Phil Wiggins
Phil Wiggins (Courtesy of NEA)

In an atmosphere of xenophobia and divisiveness that has recently defined America, blues harmonica virtuoso and hometown legend Phil Wiggins pointed to the class of the 2017 National Endowment for the Arts National Heritage Fellows, among whom he was also honored, as the true face of this nation.

“It’s not the home these guys waving Confederate flags talking about taking the country back,” said Wiggins, a resident of Takoma Park, Md., pointing to the six other National Heritage Fellows onstage who hailed from Armenia via Azerbaijan, Puerto Rico, Texas/Mexico, Alaska, Appalachian Tennessee and Iowa. “This is the home that makes this great country that I call home.”

All of the NEA National Heritage Fellowship artists are U.S. citizens.

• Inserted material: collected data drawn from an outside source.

lemma minimal_root_poly_eq_linear_power:
  fixes a :: "'a::field"
  assumes p: "prime CHAR('a)" and L: "is_subring L" "range (\<lambda>x. x ^ CHAR('a)) \<subseteq> L"
    and r: "lead_coeff r = 1" "poly_over L r" "poly r a = 0"
    and min: "\<And>s. poly_over L s \<Longrightarrow> s \<noteq> 0 \<Longrightarrow> poly s a = 0 \<Longrightarrow> degree r \<le> degree s"
  shows "r = [:- a, 1:] ^ degree r"
proof -
  let ?p = "CHAR('a)"
  have "poly_over L (monom 1 ?p - [:a ^ ?p:])"
    using L by (intro poly_over_diff poly_over_monom poly_over_const subring_one) auto
  then obtain q s where qs: "poly_over L s" "monom 1 ?p - [:a ^ ?p:] = r * q + s"
    "s = 0 \<or> degree s < degree r"
    using poly_over_divmod_monic[OF L(1) r(1,2)] by metis
  have "poly (monom 1 ?p - [:a ^ ?p:]) a = 0"
    by (simp add: poly_monom)
  then have "poly s a = 0"
    using r(3) by (simp add: qs(2))
  then have "s = 0"
    using min[OF qs(1)] qs(3) by fastforce
  then show ?thesis
    using qs(2) by (intro monic_dvd_linear_power[OF r(1), of _ ?p]) (simp add: linear_power_CHAR[OF p])
qed

text \<open>If \<open>a \<notin> L\<close>, the minimal polynomial \<open>r\<close> of \<open>a\<close> over \<open>L\<close> divides
  \<open>X\<^sup>p - a\<^sup>p = (X - a)\<^sup>p\<close>, hence \<open>r = (X - a)\<^sup>d\<close>; for \<open>0 < d < p\<close> its
  coefficient \<open>-d a\<close> would put \<open>a\<close> into \<open>L\<close>. So \<open>1, a, \<dots>, a\<^sup>p\<^sup>-\<^sup>1\<close>
  are linearly independent over \<open>L\<close>.\<close>

lemma poly_over_root_degree_ge_CHAR:
  fixes a :: "'a::field"
  assumes p: "CHAR('a) > 0" and L: "is_subring L" "range (\<lambda>x. x ^ CHAR('a)) \<subseteq> L"
    and a: "a \<notin> L" and t: "poly_over L t" "t \<noteq> 0" "poly t a = 0"
  shows "CHAR('a) \<le> degree t"
proof (rule ccontr)
  assume small: "\<not> ?thesis"
  have inv: "\<And>x. x \<in> L \<Longrightarrow> inverse x \<in> L"
    using subring_inverse[OF L p] .
  obtain r where r: "lead_coeff r = 1" "poly_over L r" "poly r a = 0"
    and min: "\<And>s. poly_over L s \<Longrightarrow> s \<noteq> 0 \<Longrightarrow> poly s a = 0 \<Longrightarrow> degree r \<le> degree s"
    using poly_over_minimal_monic[OF L(1) inv t] by blast
  have r_eq: "r = [:- a, 1:] ^ degree r"
    using minimal_root_poly_eq_linear_power[OF prime_CHAR_semidom[OF p] L r min] by blast
  have "degree r \<noteq> 0"
    using r(3) r_eq by (metis one_neq_zero poly_1 power_0)
  then obtain d where d: "degree r = Suc d"
    using not0_implies_Suc by blast
  have "\<not> CHAR('a) dvd Suc d"
    using min[OF t] d small by (auto dest: dvd_imp_le)
  then have "of_nat (Suc d) \<noteq> (0::'a)"
    unfolding of_nat_eq_0_iff_char_dvd .
  have "coeff r d = of_nat (Suc d) * - a"
    using r_eq d coeff_linear_power_pred[of "- a" d] by metis
  then have "of_nat (Suc d) * - a \<in> L"
    using r(2) by (metis poly_over_def)
  then have "- inverse (of_nat (Suc d)) * (of_nat (Suc d) * - a) \<in> L"
    by (rule subring_mult[OF L(1) subring_uminus[OF L(1) inv[OF subring_of_nat[OF L(1)]]]])
  also have "- inverse (of_nat (Suc d)) * (of_nat (Suc d) * - a) = a"
    using \<open>of_nat (Suc d) \<noteq> (0::'a)\<close> by (simp only: mult.assoc[symmetric] left_inverse) simp
  finally show False
    using a by contradiction
qed

lemma poly_over_root_dvd:
  fixes a :: "'a::field"
  assumes p: "CHAR('a) > 0" and L: "is_subring L" "range (\<lambda>x. x ^ CHAR('a)) \<subseteq> L"
    and a: "a \<notin> L" and f: "poly_over L f" "poly f a = 0"
  obtains q where "poly_over L q" "f = (monom 1 CHAR('a) - [:a ^ CHAR('a):]) * q"
proof -
  let ?p = "CHAR('a)" and ?g = "monom 1 CHAR('a) - [:a ^ CHAR('a):]"
  have "?g = monom 1 ?p + [:- (a ^ ?p):]"
    by simp
  then have deg: "degree ?g = ?p"
    using p by (metis degree_add_eq_left degree_monom_eq degree_pCons_0 one_neq_zero)
  then have "lead_coeff ?g = 1"
    using p by (cases ?p) auto
  moreover have "poly_over L ?g"
    using L by (intro poly_over_diff poly_over_monom poly_over_const subring_one) auto
  ultimately obtain q r where qr: "poly_over L q" "poly_over L r" "f = ?g * q + r"
    "r = 0 \<or> degree r < ?p"
    using poly_over_divmod_monic[OF L(1) _ _ f(1)] deg by metis
  have "poly ?g a = 0"
    by (simp add: poly_monom)
  then have "poly r a = 0"
    using f(2) by (simp add: qr(3))
  then have "r = 0"
    using poly_over_root_degree_ge_CHAR[OF p L a qr(2)] qr(4) by fastforce
  then show ?thesis
    using qr that by simp
qed


section \<open>Lifting a ring homomorphism to a higher truncation\<close>

text \<open>The parameter \<open>p\<close> is \<open>CHAR('a)\<close>; it is a parameter only so that the abbreviation
  \<open>T'\<close> below can mention it.\<close>

locale hom_mod_trunc =
  fixes e N p :: nat and \<phi> :: "'a::field \<Rightarrow> 'a ps"
  assumes p: "p = CHAR('a)" and CHAR_pos: "CHAR('a) > 0"
    and hom_add: "agree_on (trunc_idx e N) (\<phi> (x + y)) (\<phi> x + \<phi> y)"
    and hom_mult: "agree_on (trunc_idx e N) (\<phi> (x * y)) (\<phi> x * \<phi> y)"
    and hom_one: "agree_on (trunc_idx e N) (\<phi> 1) 1"
begin

abbreviation "T \<equiv> trunc_idx e N"
abbreviation "T' \<equiv> trunc_idx e (p * N)"

lemma prime_p: "prime p"
  using prime_CHAR_semidom[OF CHAR_pos] p by simp

lemma T_subset_T': "T \<subseteq> T'"
  using CHAR_pos p by (intro trunc_idx_mono) simp

lemma hom_zero: "agree_on T (\<phi> 0) 0"
proof -
  have "ps_coeff (\<phi> 0) k = 0" if "k \<in> T" for k
    using hom_add[of 0 0] that unfolding agree_on_def by (metis add_0 ps_coeff_add add_cancel_right_right)
  then show ?thesis
    by (simp add: agree_on_def)
qed

lemma hom_diff: "agree_on T (\<phi> (x - y)) (\<phi> x - \<phi> y)"
  using hom_add[of "x - y" y] by (simp add: agree_on_def eq_diff_eq)

lemma agree_on_power_p:
  fixes z w :: "'a ps"
  assumes "agree_on T z w"
  shows "agree_on T' (z ^ p) (w ^ p)"
  using agree_on_trunc_idx_power_CHAR[OF _ assms] prime_p unfolding p by blast

text \<open>A partial lift is the graph of a map from a subring of the field to power series
  modulo \<open>T'\<close>, each fibre being one congruence class.\<close>

definition partial_lift :: "('a \<times> 'a ps) set \<Rightarrow> bool" where
  "partial_lift G \<longleftrightarrow>
     (\<forall>x u v. (x, u) \<in> G \<longrightarrow> ((x, v) \<in> G \<longleftrightarrow> agree_on T' u v)) \<and>
     (\<forall>x u y v. (x, u) \<in> G \<longrightarrow> (y, v) \<in> G \<longrightarrow>
        (x + y, u + v) \<in> G \<and> (x - y, u - v) \<in> G \<and> (x * y, u * v) \<in> G) \<and>
     (\<forall>x u. (x, u) \<in> G \<longrightarrow> agree_on T u (\<phi> x)) \<and>
     (\<forall>x. (x ^ p, \<phi> x ^ p) \<in> G)"

lemma partial_lift_Union_chain:
  assumes C: "C \<in> chains {G. partial_lift G}" and "C \<noteq> {}"
  shows "partial_lift (\<Union>C)"
proof -
  have lift: "\<And>G. G \<in> C \<Longrightarrow> partial_lift G"
    using C by (auto simp: chains_def)
  have common: "\<exists>G\<in>C. z \<in> G \<and> z' \<in> G" if "z \<in> \<Union>C" "z' \<in> \<Union>C" for z z'
  proof -
    from that obtain A B where "A \<in> C" "B \<in> C" "z \<in> A" "z' \<in> B"
      by auto
    then show ?thesis
      using C unfolding chains_def chain_subset_def by blast
  qed
  obtain G0 where "G0 \<in> C"
    using \<open>C \<noteq> {}\<close> by blast
  show ?thesis
    unfolding partial_lift_def
  proof (intro conjI allI impI)
    fix x u v assume "(x, u) \<in> \<Union>C"
    then obtain G where G: "G \<in> C" "(x, u) \<in> G"
      by blast
    show "(x, v) \<in> \<Union>C \<longleftrightarrow> agree_on T' u v"
    proof
      assume "(x, v) \<in> \<Union>C"
      then obtain H where "H \<in> C" "(x, u) \<in> H" "(x, v) \<in> H"
        using common[of "(x, u)" "(x, v)"] G by blast
      then show "agree_on T' u v"
        using lift unfolding partial_lift_def by blast
    next
      assume "agree_on T' u v"
      then show "(x, v) \<in> \<Union>C"
        using G lift unfolding partial_lift_def by blast
    qed
  next
    fix x u y v assume "(x, u) \<in> \<Union>C" "(y, v) \<in> \<Union>C"
    then obtain G where "G \<in> C" "(x, u) \<in> G" "(y, v) \<in> G"
      using common by blast
    then show "(x + y, u + v) \<in> \<Union>C" "(x - y, u - v) \<in> \<Union>C" "(x * y, u * v) \<in> \<Union>C"
      using lift unfolding partial_lift_def by blast+
  next
    fix x u assume "(x, u) \<in> \<Union>C"
    then show "agree_on T u (\<phi> x)"
      using lift unfolding partial_lift_def by blast
  next
    fix x
    show "(x ^ p, \<phi> x ^ p) \<in> \<Union>C"
      using \<open>G0 \<in> C\<close> lift unfolding partial_lift_def by blast
  qed
qed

The annual awards program began with rehearsals for the culminating concert and included workshops, the official awards ceremony and formal dinner at the Library of Congress, and numerous receptions. And it was evident from the tearful acceptance speeches during the actual donning of the medals, that the award is particularly significant to the recipients, who can be visual or performing artists in folk or traditional genres.

The 2017 class included Wiggins; Norik Astvatsaturov, a sculptor of Armenian descent who practices the tradition of Armenian Repoussé metal art; Conjunto accordionist and bandleader Eva Ybarra; Modesto Cepeda, maestro of the African-derived Bomba and Plena dancing and drumming from Puerto Rico; buck dancer Thomas Maupin from Tennessee; and Missouri-style fiddler and master of the Danish button accordion Dwight Lamb, who also won the Bess Lomax Hawes Prize for reviving the Danish button accordion in Denmark, where the tradition had been lost.

Also honored were Anna Brown Ehlers, a Chilkat weaver of wool and cedar wood blankets, who was surprised by a member of her clan with an honorary song, drummed and sung in the native tongue.

Two of the honorees, Ella Jenkins of Chicago and Cyril Pahinui of Hawai’i, were unable to make the trip, but were represented by colleagues and family to receive the coveted honors.

Ella Jenkins, the first woman to record children’s music and the longest recording artist on Smithsonian Folkways Records, at 93-years-old, was unable to make the trip, but had one of her musicians, Dan Zanes and Haitian-American singer Claudia Eliaza, give samples of her music. Her repertoire included songs she learned from the Freedom Riders which found their way into children’s music through her. Before Jenkins, the genre of children’s music did not exist on recordings.

Also absent was Hawaiian slack-key guitarist Cyril Pahinui, who couldn’t make the long trip due to health reasons, but was represented by two apprentices, Jeff Peterman and Sean Robbins. The duo demonstrated the guitar-tuning technique and sang songs in the indigenous language.

But perhaps most admirable was Modesto Cepeda, who at age 79, traveled through Hurricane Irma as it churned through the Caribbean and Florida to receive his honor. Accompanied by a multigenerational myriad of family members, who also make up his troupe Cimiento Puertorricaño, Cepeda is the founder of the first school in Puerto Rico dedicated to continuing the authentic tradition of Bomba music, a style developed by enslaved Africans in Puerto Rico to celebrate on weekends and holidays.

The visually stunning dance, where the women are dressed in flowing long white dresses with voluminous circular skirts, and the men in white suits with fedoras, combines vigorous drumming on barrel drums with energetic African-derived dance moves.

Wiggins closed out the concert with his group, the Chesapeake Sheiks, which played samples of the Piedmont style of blues that he and his partner, the late John Cephas, became well-known for. Cephas & Wiggins formed in 1977, and together became two of the world’s best-known performers of Piedmont blues.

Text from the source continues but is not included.